theorem theorem2:
  fixes M :: "'a measure"
    and xq xkv :: "'a \<Rightarrow> (real, 'n::{finite,linorder}) vec"
    and W Sq Skv U V :: "'n rmat"
    and s :: "'n \<Rightarrow> real"
    and r :: nat
  assumes "prob_space M"
    and "xq \<in> borel_measurable M" and "xkv \<in> borel_measurable M"
    and "prob_space.indep_var M borel xq borel xkv"
    and "integrable M (\<lambda>\<omega>. (norm (xq \<omega>))\<^sup>2)"
    and "integrable M (\<lambda>\<omega>. (norm (xkv \<omega>))\<^sup>2)"
    and "pos_def_mat (autocorr M xq)" and "pos_def_mat (autocorr M xkv)"
    and "is_sqrt_mat Sq (autocorr M xq)" and "is_sqrt_mat Skv (autocorr M xkv)"
    and "1 \<le> r" and "r \<le> card (UNIV :: 'n set)"
    and "is_svd (Sq ** W ** Skv) U s V"
  shows "let Wopt = matrix_inv Sq ** svd_trunc r U s V ** matrix_inv Skv in
           rank Wopt \<le> r \<and> (r \<le> rank W \<longrightarrow> rank Wopt = r) \<and>
           (\<forall>Wt. rank Wt \<le> r \<longrightarrow> qk_err M xq xkv W Wopt \<le> qk_err M xq xkv W Wt)"
proof -
  define Wopt where "Wopt = matrix_inv Sq ** svd_trunc r U s V ** matrix_inv Skv"
  have "invertible Sq" "invertible Skv"
    using assms(7-10) by (simp_all add: is_sqrt_mat_def invertible_if_pos_def_square)
  have "Sq ** Wopt ** Skv = (Sq ** matrix_inv Sq) ** svd_trunc r U s V ** (matrix_inv Skv ** Skv)"
    by (simp add: Wopt_def matrix_mul_assoc)
  then have Wopt_sandwich: "Sq ** Wopt ** Skv = svd_trunc r U s V"
    using \<open>invertible Sq\<close> \<open>invertible Skv\<close> by (simp add: matrix_inv_right matrix_inv_left)
  have rank_Wopt: "rank Wopt = min r (rank W)"
    using rank_svd_trunc[OF assms(13,12)] \<open>invertible Sq\<close> \<open>invertible Skv\<close>
    by (simp add: Wopt_def rank_invertible_sandwich invertible_matrix_inv)
  have qk_err_eq: "qk_err M xq xkv W X = (norm (Sq ** W ** Skv - Sq ** X ** Skv))\<^sup>2" for X
    using qk_err_eq_norm_sq[OF assms(1-6,9,10)]
    by (simp add: matrix_diff_ldistrib matrix_diff_rdistrib)
  have "qk_err M xq xkv W Wopt \<le> qk_err M xq xkv W Wt" if "rank Wt \<le> r" for Wt
  proof -
    have "rank (Sq ** Wt ** Skv) \<le> r"
      using that \<open>invertible Sq\<close> \<open>invertible Skv\<close> by (simp add: rank_invertible_sandwich)
    then show ?thesis
      using eckart_young[OF assms(13) _ assms(12)] by (simp add: qk_err_eq Wopt_sandwich power_mono)
  qed
  then show ?thesis
    using rank_Wopt by (simp add: Wopt_def)
qed

end
lemma sum_card_swaps_next_point_le:
  fixes L :: "('a::linordered_idom \<times> 'a) set"
  assumes "finite L" "finite B"
  shows "(\<Sum>a\<in>B - {Max B}. card (swaps (eval_line a) (eval_line (next_point B a)) L)) \<le> card L ^ 2"
proof -
  define X where "X a = swaps (eval_line a) (eval_line (next_point B a)) L" for a
  have X_sub: "X a \<subseteq> L \<times> L" for a by (auto simp: X_def swaps_def)
  have disjoint: "X a \<inter> X a' = {}" if "a \<in> B - {Max B}" "a' \<in> B - {Max B}" "a < a'" for a a'
  proof (rule ccontr)
    assume "X a \<inter> X a' \<noteq> {}"
    then obtain l l' where "(l, l') \<in> X a" "(l, l') \<in> X a'" by auto
    then have "eval_line a l < eval_line a l'" "eval_line (next_point B a) l' < eval_line (next_point B a) l"
      "eval_line a' l < eval_line a' l'"
      by (auto simp: X_def swaps_def)
    moreover have "next_point B a \<le> a'"
      using next_point(3)[OF assms(2) that(1)] that(2,3) by blast
    ultimately show False
      using lines_cross_at_most_once[OF next_point(2)[OF assms(2) that(1)]] by blast
  qed
  have "(\<Sum>a\<in>B - {Max B}. card (X a)) = card (\<Union>a\<in>B - {Max B}. X a)"
  proof (rule card_UN_disjoint[symmetric])
    show "\<forall>a\<in>B - {Max B}. finite (X a)"
      using X_sub assms(1) by (meson finite_SigmaI finite_subset)
    show "\<forall>a\<in>B - {Max B}. \<forall>a'\<in>B - {Max B}. a \<noteq> a' \<longrightarrow> X a \<inter> X a' = {}"
      using disjoint by (metis inf_commute linorder_neqE)
  qed (use assms(2) in simp)
  also have "\<dots> \<le> card (L \<times> L)"
    using X_sub assms(1) by (intro card_mono) auto
  finally show ?thesis by (simp add: X_def card_cartesian_product power2_eq_square)
qed
lemma timoshenko_segment_solution:
  fixes W W1 W2 P P1 P2 :: "real \<Rightarrow> complex" and rho Irho EI K a b x0 :: real and s :: complex
  defines "L1 \<equiv> lam1 rho Irho EI K s" and "L2 \<equiv> lam2 rho Irho EI K s"
    and "v1 \<equiv> of_real rho * s\<^sup>2 / of_real K" and "k \<equiv> of_real (K / EI)"
    and "c \<equiv> (of_real K + of_real Irho * s\<^sup>2) / of_real EI"
  assumes K: "K \<noteq> 0" "EI \<noteq> 0"
    and s_b: "b_coef rho Irho EI K s \<noteq> 0"
    and s_ab: "(a_coef rho Irho EI K s)\<^sup>2 \<noteq> b_coef rho Irho EI K s"
    and dW: "\<And>x. x \<in> {a..b} \<Longrightarrow> (W has_vector_derivative W1 x) (at x within {a..b})"
    and dW1: "\<And>x. x \<in> {a..b} \<Longrightarrow> (W1 has_vector_derivative W2 x) (at x within {a..b})"
    and dP: "\<And>x. x \<in> {a..b} \<Longrightarrow> (P has_vector_derivative P1 x) (at x within {a..b})"
    and dP1: "\<And>x. x \<in> {a..b} \<Longrightarrow> (P1 has_vector_derivative P2 x) (at x within {a..b})"
    and ode1: "\<And>x. x \<in> {a<..<b} \<Longrightarrow>
        of_real K * (W2 x - P1 x) - of_real rho * s\<^sup>2 * W x = 0"
    and ode2: "\<And>x. x \<in> {a<..<b} \<Longrightarrow>
        of_real EI * P2 x + of_real K * (W1 x - P x) - of_real Irho * s\<^sup>2 * P x = 0"
    and x0: "x0 = a \<or> x0 = b"
    and bc: "W x0 = 0" "P1 x0 = 0"
  obtains A B where
    "\<And>x. x \<in> {a..b} \<Longrightarrow> (W x, W1 x, c * P x, P1 x) = beam_profile v1 k L1 L2 A B (x - x0)"
proof (rule beam_solution_eq_profile)
  have "L1\<^sup>2 * L2\<^sup>2 \<noteq> 0"
    using s_b by (simp add: L1_def L2_def lam1_lam2_prod)
  then show "L1 \<noteq> 0" "L2 \<noteq> 0" by auto
  show "L1\<^sup>2 \<noteq> L2\<^sup>2"
    using s_ab by (simp add: L1_def L2_def lam1_lam2_sq_eq_iff)
  show "L1\<^sup>2 + L2\<^sup>2 = v1 + c - k"
    using K by (simp add: L1_def L2_def v1_def c_def k_def lam1_lam2_sum a_coef_def field_simps)
  show "L1\<^sup>2 * L2\<^sup>2 = c * v1"
    using K by (simp add: L1_def L2_def v1_def c_def lam1_lam2_prod b_coef_def field_simps)
  show "continuous_on {a..b} (\<lambda>x. (W x, W1 x, c * P x, P1 x))"
    by (intro continuous_intros continuous_on_vector_derivative[OF dW] continuous_on_vector_derivative[OF dW1]
        continuous_on_vector_derivative[OF dP] continuous_on_vector_derivative[OF dP1])
  fix t assume t: "t \<in> {a<..<b}"
  then have at_t: "at t within {a..b} = at t" by (simp add: at_within_Icc_at)
  have "W2 t - (P1 t + v1 * W t) = (of_real K * (W2 t - P1 t) - of_real rho * s\<^sup>2 * W t) / of_real K"
    using K by (simp add: v1_def field_simps)
  moreover have "P2 t - (c * P t - k * W1 t) =
      (of_real EI * P2 t + of_real K * (W1 t - P t) - of_real Irho * s\<^sup>2 * P t) / of_real EI"
    using K by (simp add: c_def k_def field_simps)
  ultimately have "W2 t = P1 t + v1 * W t" "P2 t = c * P t - k * W1 t"
    using ode1[OF t] ode2[OF t] by simp_all
  moreover have "((\<lambda>x. (W x, W1 x, c * P x, P1 x)) has_vector_derivative
      (W1 t, W2 t, c * P1 t, P2 t)) (at t)"
    using t dW dW1 dP dP1 unfolding at_t[symmetric]
    by (intro has_vector_derivative_Pair has_vector_derivative_mult_right) auto
  ultimately show "((\<lambda>x. (W x, W1 x, c * P x, P1 x)) has_vector_derivative
      beam_field v1 c k (W t, W1 t, c * P t, P1 t)) (at t)"
    by (simp add: beam_field_def)
qed (use x0 bc in auto)
(* Let $n$ be a natural number and $s$ a negative integer with $n+s>0$, and put $m=\frac{(-s)(n-1)}{n+s}$. Suppose there exists a divisible design graph $\Delta$ with parameters $(V,K,\lambda_1,\lambda_2;m,n)$, where $V=\frac{n(-s)(n-1)}{n+s}$, $K=(-s)(n-1)$, $\lambda_1=(-s)(n+s-1)$, $\lambda_2=\frac{(-s)(n-1)(n+s)}{n}$, with canonical classes $P_1,\dots,P_m$. Let $\mathcal{D}=(\mathcal{P},\mathcal{B})$ be a symmetric $2$-design with parameters $(m,-s,\frac{(-s)(n+s)}{n})$, with $\mathcal{P}$ disjoint from the vertex set of $\Delta$, and let $\phi$ be any bijection from $\{P_1,\dots,P_m\}$ to $\mathcal{B}$. Define the graph $\Gamma$ with vertex set $V(\Delta)\cup\mathcal{P}$ in which: two vertices of $\Delta$ are adjacent iff they are adjacent in $\Delta$; no two points of $\mathcal{P}$ are adjacent; a vertex $x\in P_i$ is adjacent to $y\in\mathcal{P}$ iff $y\in\phi(P_i)$. Then $\Gamma$ is a strongly regular graph with parameters $v=m(n+1)$, $k=(-s)n$, $\lambda=\mu=(-s)(n+s)$.
   Context: A $K$-regular graph on $V$ vertices, neither complete nor edgeless, is a divisible design graph with parameters $(V,K,\lambda_1,\lambda_2;m,n)$ if its vertex set can be partitioned into $m$ classes (canonical classes) of size $n$ such that any two distinct vertices in the same class have exactly $\lambda_1$ common neighbours and any two vertices in different classes have exactly $\lambda_2$ common neighbours. A symmetric $2$-design with parameters $(m,\kappa,\ell)$ is a pair $(\mathcal{P},\mathcal{B})$ where $\mathcal{P}$ is a set of $m$ points and $\mathcal{B}$ a set of $m$ subsets (blocks) of $\mathcal{P}$, each of size $\kappa$, such that every two distinct points lie in exactly $\ell$ common blocks (equivalently, any two distinct blocks meet in exactly $\ell$ points). A strongly regular graph with parameters $(v,k,\lambda,\mu)$ is a $k$-regular graph on $v$ vertices in which adjacent vertices have $\lambda$ and distinct non-adjacent vertices have $\mu$ common neighbours. *)

theory Defs
  imports Main
begin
========================================================================
▸ Your goal: Copy out, exactly and alone, the lines of the entries above between the ones holding "a by (auto simp: X_def swaps_def)" and "a \<noteq> a'", inclusive.

▸ Solution to this exercise:
  have X_sub: "X a \<subseteq> L \<times> L" for a by (auto simp: X_def swaps_def)
  have disjoint: "X a \<inter> X a' = {}" if "a \<in> B - {Max B}" "a' \<in> B - {Max B}" "a < a'" for a a'
  proof (rule ccontr)
    assume "X a \<inter> X a' \<noteq> {}"
    then obtain l l' where "(l, l') \<in> X a" "(l, l') \<in> X a'" by auto
    then have "eval_line a l < eval_line a l'" "eval_line (next_point B a) l' < eval_line (next_point B a) l"
      "eval_line a' l < eval_line a' l'"
      by (auto simp: X_def swaps_def)
    moreover have "next_point B a \<le> a'"
      using next_point(3)[OF assms(2) that(1)] that(2,3) by blast
    ultimately show False
      using lines_cross_at_most_once[OF next_point(2)[OF assms(2) that(1)]] by blast
  qed
  have "(\<Sum>a\<in>B - {Max B}. card (X a)) = card (\<Union>a\<in>B - {Max B}. X a)"
  proof (rule card_UN_disjoint[symmetric])
    show "\<forall>a\<in>B - {Max B}. finite (X a)"
      using X_sub assms(1) by (meson finite_SigmaI finite_subset)
    show "\<forall>a\<in>B - {Max B}. \<forall>a'\<in>B - {Max B}. a \<noteq> a' \<longrightarrow> X a \<inter> X a' = {}"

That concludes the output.